- _Task directions_
Please reproduce each line of the data below as it stands.

- _Source records_
(* Let $G$ be a connected graph of order $n\ge 3$. Then $\Gamma_{\rm cer}(G)=n-2$ if and only if $G$ is a simple diadem, a diadem, or one of the graphs $K_2+\overline{K}_{n-2}$ and $\overline{K}_2+\overline{K}_{n-2}$.
   Context: All graphs are finite and simple. A set $D\subseteq V_G$ is a dominating set of $G$ if every vertex of $V_G-D$ has a neighbor in $D$. A set $D$ is a certified dominating set of $G$ if $D$ is dominating and every vertex of $D$ has either zero or at least two neighbors in $V_G-D$; it is minimal if no proper subset is a certified dominating set. $\Gamma_{\rm cer}(G)$ is the maximum cardinality of a minimal certified dominating set. A graph is a corona if it equals $H\circ K_1$ for some graph $H$ (attach one new pendant vertex to each vertex of $H$); in a corona, a leaf is a vertex of degree one and a support is a vertex adjacent to a leaf. A simple diadem is a graph obtained from a corona by adding one new vertex and joining it to exactly one support of the corona. A diadem is a graph obtained from a corona by adding one new vertex and joining it to exactly one leaf and to the neighbor of that leaf. $F+H$ denotes the join of $F$ and $H$ (disjoint union plus all edges between them), and $\overline{K}_m$ is the edgeless graph on $m$ vertices. *)

theory Defs
  imports Main
begin

definition graph :: "'a set \<Rightarrow> ('a \<Rightarrow> 'a \<Rightarrow> bool) \<Rightarrow> bool" where
  "graph V E \<longleftrightarrow> finite V \<and> (\<forall>x y. E x y \<longrightarrow> x \<in> V \<and> y \<in> V)
     \<and> (\<forall>x y. E x y \<longrightarrow> E y x) \<and> (\<forall>x. \<not> E x x)"

definition connected_graph :: "'a set \<Rightarrow> ('a \<Rightarrow> 'a \<Rightarrow> bool) \<Rightarrow> bool" where
  "connected_graph V E \<longleftrightarrow> (\<forall>x\<in>V. \<forall>y\<in>V. E\<^sup>*\<^sup>* x y)"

- _Output below_
(* Let $G$ be a connected graph of order $n\ge 3$. Then $\Gamma_{\rm cer}(G)=n-2$ if and only if $G$ is a simple diadem, a diadem, or one of the graphs $K_2+\overline{K}_{n-2}$ and $\overline{K}_2+\overline{K}_{n-2}$.
   Context: All graphs are finite and simple. A set $D\subseteq V_G$ is a dominating set of $G$ if every vertex of $V_G-D$ has a neighbor in $D$. A set $D$ is a certified dominating set of $G$ if $D$ is dominating and every vertex of $D$ has either zero or at least two neighbors in $V_G-D$; it is minimal if no proper subset is a certified dominating set. $\Gamma_{\rm cer}(G)$ is the maximum cardinality of a minimal certified dominating set. A graph is a corona if it equals $H\circ K_1$ for some graph $H$ (attach one new pendant vertex to each vertex of $H$); in a corona, a leaf is a vertex of degree one and a support is a vertex adjacent to a leaf. A simple diadem is a graph obtained from a corona by adding one new vertex and joining it to exactly one support of the corona. A diadem is a graph obtained from a corona by adding one new vertex and joining it to exactly one leaf and to the neighbor of that leaf. $F+H$ denotes the join of $F$ and $H$ (disjoint union plus all edges between them), and $\overline{K}_m$ is the edgeless graph on $m$ vertices. *)

theory Defs
  imports Main
begin

definition graph :: "'a set \<Rightarrow> ('a \<Rightarrow> 'a \<Rightarrow> bool) \<Rightarrow> bool" where
  "graph V E \<longleftrightarrow> finite V \<and> (\<forall>x y. E x y \<longrightarrow> x \<in> V \<and> y \<in> V)
     \<and> (\<forall>x y. E x y \<longrightarrow> E y x) \<and> (\<forall>x. \<not> E x x)"

definition connected_graph :: "'a set \<Rightarrow> ('a \<Rightarrow> 'a \<Rightarrow> bool) \<Rightarrow> bool" where
  "connected_graph V E \<longleftrightarrow> (\<forall>x\<in>V. \<forall>y\<in>V. E\<^sup>*\<^sup>* x y)"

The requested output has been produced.